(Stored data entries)
(* In the setting described in the context, let $\sigma_w,\sigma_v$ be real scalars and consider the system $$\tilde\Sigma_\tau(s)=R^T\big(sI+L_{e,s}^\tau RWR^T\big)^{-1}\begin{bmatrix}\sigma_wD_\tau^TE^{-1/2} & -\sigma_vL_{e,s}^\tau RW^{1/2}\end{bmatrix}.$$ Then $\|\tilde\Sigma_\tau\|_\infty^2=\bar\sigma(Z)$, where $$Z=\sigma_w^2R^T\big(RWR^TL_{e,s}^\tau RWR^T\big)^{-1}R+\sigma_v^2R^T\big(RWR^T\big)^{-1}R.$$
   Context: Let $\mathcal G$ be an undirected, connected graph without self-loops, with node set $\{1,\dots,n\}$ ($n\ge2$) and edge set $\mathcal E$, $m=|\mathcal E|$. Give each edge an arbitrary orientation; the incidence matrix $D\in\mathbb R^{n\times m}$ has $D_{il}=1$ if node $i$ is the initial node of edge $l$, $-1$ if it is the terminal node, and $0$ otherwise. Fix a spanning tree $\mathcal G_\tau$ and order the edges so the first $n-1$ are tree edges; write $D=[D_\tau\ D_c]$ with $D_\tau\in\mathbb R^{n\times(n-1)}$. Set $T_\tau^c=(D_\tau^TD_\tau)^{-1}D_\tau^TD_c$ and $R=[I_{n-1}\ T_\tau^c]\in\mathbb R^{(n-1)\times m}$. Let $W=\mathrm{diag}(w_1,\dots,w_m)$, $w_l>0$, and $E=\mathrm{diag}(\epsilon_1,\dots,\epsilon_n)$, $\epsilon_i>0$; $W^{1/2},E^{-1/2}$ are taken entrywise on the diagonal. Define $L_{e,s}^\tau=D_\tau^TE^{-1}D_\tau$. For a stable transfer matrix $\Phi(s)$, $\|\Phi\|_\infty=\sup_{\omega\in\mathbb R}\bar\sigma(\Phi(j\omega))$ where $\bar\sigma$ is the largest singular value. *)

theory Defs
  imports "Jordan_Normal_Form.Schur_Decomposition" "Jordan_Normal_Form.Gauss_Jordan_Elimination"
begin

(* Nodes are 0..<n (paper: 1..n), edges are 0..<m; edge l is oriented from
   src l (initial node) to tgt l (terminal node). *)

definition valid_graph :: "nat \<Rightarrow> nat \<Rightarrow> (nat \<Rightarrow> nat) \<Rightarrow> (nat \<Rightarrow> nat) \<Rightarrow> bool" where
  "valid_graph n m src tgt \<longleftrightarrow>
     (\<forall>l<m. src l < n \<and> tgt l < n \<and> src l \<noteq> tgt l) \<and>
     (\<forall>l<m. \<forall>l'<m. l \<noteq> l' \<longrightarrow> {src l, tgt l} \<noteq> {src l', tgt l'})"

definition adj_in :: "(nat \<Rightarrow> nat) \<Rightarrow> (nat \<Rightarrow> nat) \<Rightarrow> nat set \<Rightarrow> (nat \<times> nat) set" where
  "adj_in src tgt S = {(i, j). \<exists>l\<in>S. {i, j} = {src l, tgt l}}"

definition connected_in :: "nat \<Rightarrow> (nat \<Rightarrow> nat) \<Rightarrow> (nat \<Rightarrow> nat) \<Rightarrow> nat set \<Rightarrow> bool" where
  "connected_in n src tgt S \<longleftrightarrow> (\<forall>i<n. \<forall>j<n. (i, j) \<in> (adj_in src tgt S)\<^sup>*)"

(* S is the edge set of a spanning tree: it connects all nodes and is minimally
   connected (every edge is a bridge, i.e. there is no cycle). *)
definition spanning_tree :: "nat \<Rightarrow> (nat \<Rightarrow> nat) \<Rightarrow> (nat \<Rightarrow> nat) \<Rightarrow> nat set \<Rightarrow> bool" where
  "spanning_tree n src tgt S \<longleftrightarrow> connected_in n src tgt S \<and>
     (\<forall>l\<in>S. (src l, tgt l) \<notin> (adj_in src tgt (S - {l}))\<^sup>*)"

definition incidence :: "nat \<Rightarrow> nat \<Rightarrow> (nat \<Rightarrow> nat) \<Rightarrow> (nat \<Rightarrow> nat) \<Rightarrow> real mat" where
  "incidence n m src tgt = mat n m (\<lambda>(i, l). if i = src l then 1 else if i = tgt l then -1 else 0)"

definition D_tau :: "nat \<Rightarrow> nat \<Rightarrow> (nat \<Rightarrow> nat) \<Rightarrow> (nat \<Rightarrow> nat) \<Rightarrow> real mat" where
  "D_tau n m src tgt = mat n (n - 1) (\<lambda>(i, l). incidence n m src tgt $$ (i, l))"

definition D_c :: "nat \<Rightarrow> nat \<Rightarrow> (nat \<Rightarrow> nat) \<Rightarrow> (nat \<Rightarrow> nat) \<Rightarrow> real mat" where
  "D_c n m src tgt = mat n (m - (n - 1)) (\<lambda>(i, l). incidence n m src tgt $$ (i, l + (n - 1)))"

(* matrix inverse (only used on invertible square matrices) *)
definition minv :: "'a :: field mat \<Rightarrow> 'a mat" where
  "minv A = (case mat_inverse A of Some B \<Rightarrow> B | None \<Rightarrow> 0\<^sub>m (dim_col A) (dim_row A))"

definition hcat :: "'a :: zero mat \<Rightarrow> 'a mat \<Rightarrow> 'a mat" where
  "hcat A B = mat (dim_row A) (dim_col A + dim_col B)
     (\<lambda>(i, j). if j < dim_col A then A $$ (i, j) else B $$ (i, j - dim_col A))"

definition T_tau_c :: "nat \<Rightarrow> nat \<Rightarrow> (nat \<Rightarrow> nat) \<Rightarrow> (nat \<Rightarrow> nat) \<Rightarrow> real mat" where
  "T_tau_c n m src tgt =
     minv (transpose_mat (D_tau n m src tgt) * D_tau n m src tgt) *
       transpose_mat (D_tau n m src tgt) * D_c n m src tgt"

definition R_mat :: "nat \<Rightarrow> nat \<Rightarrow> (nat \<Rightarrow> nat) \<Rightarrow> (nat \<Rightarrow> nat) \<Rightarrow> real mat" where
  "R_mat n m src tgt = hcat (1\<^sub>m (n - 1)) (T_tau_c n m src tgt)"

(* L_{e,s}^tau = D_tau^T E^{-1} D_tau, E = diag(eps 0, ..., eps (n-1)) *)
definition L_es :: "nat \<Rightarrow> nat \<Rightarrow> (nat \<Rightarrow> nat) \<Rightarrow> (nat \<Rightarrow> nat) \<Rightarrow> (nat \<Rightarrow> real) \<Rightarrow> real mat" where
  "L_es n m src tgt eps =
     transpose_mat (D_tau n m src tgt) * mat_diag n (\<lambda>i. 1 / eps i) * D_tau n m src tgt"

definition cmat :: "real mat \<Rightarrow> complex mat" where
  "cmat A = map_mat complex_of_real A"

definition Sigma_tau :: "nat \<Rightarrow> nat \<Rightarrow> (nat \<Rightarrow> nat) \<Rightarrow> (nat \<Rightarrow> nat) \<Rightarrow> (nat \<Rightarrow> real) \<Rightarrow>
    (nat \<Rightarrow> real) \<Rightarrow> real \<Rightarrow> real \<Rightarrow> complex \<Rightarrow> complex mat" where
  "Sigma_tau n m src tgt w eps sw sv s =
     (let R = R_mat n m src tgt; L = L_es n m src tgt eps; W = mat_diag m w;
          Dt = D_tau n m src tgt;
          B = hcat (sw \<cdot>\<^sub>m (transpose_mat Dt * mat_diag n (\<lambda>i. 1 / sqrt (eps i))))
                   ((- sv) \<cdot>\<^sub>m (L * R * mat_diag m (\<lambda>l. sqrt (w l))))
      in cmat (transpose_mat R) *
         minv (s \<cdot>\<^sub>m 1\<^sub>m (n - 1) + cmat (L * R * W * transpose_mat R)) * cmat B)"

definition Z_mat :: "nat \<Rightarrow> nat \<Rightarrow> (nat \<Rightarrow> nat) \<Rightarrow> (nat \<Rightarrow> nat) \<Rightarrow> (nat \<Rightarrow> real) \<Rightarrow>
    (nat \<Rightarrow> real) \<Rightarrow> real \<Rightarrow> real \<Rightarrow> real mat" where
  "Z_mat n m src tgt w eps sw sv =
     (let R = R_mat n m src tgt; L = L_es n m src tgt eps; W = mat_diag m w;
          RWR = R * W * transpose_mat R
      in (sw\<^sup>2) \<cdot>\<^sub>m (transpose_mat R * minv (RWR * L * RWR) * R) +
         (sv\<^sup>2) \<cdot>\<^sub>m (transpose_mat R * minv RWR * R))"

definition sigma_max :: "complex mat \<Rightarrow> real" where
  "sigma_max A = Max {sqrt (Re k) | k. eigenvalue (mat_adjoint A * A) k}"

definition hinf_norm :: "(complex \<Rightarrow> complex mat) \<Rightarrow> real" where
  "hinf_norm F = (SUP \<omega>::real. sigma_max (F (\<i> * complex_of_real \<omega>)))"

> TASK TO COMPLETE
Show every line from the entries above in which "noteq" appears.

> EXERCISE RESULT
     (\<forall>l<m. src l < n \<and> tgt l < n \<and> src l \<noteq> tgt l) \<and>
     (\<forall>l<m. \<forall>l'<m. l \<noteq> l' \<longrightarrow> {src l, tgt l} \<noteq> {src l', tgt l'})"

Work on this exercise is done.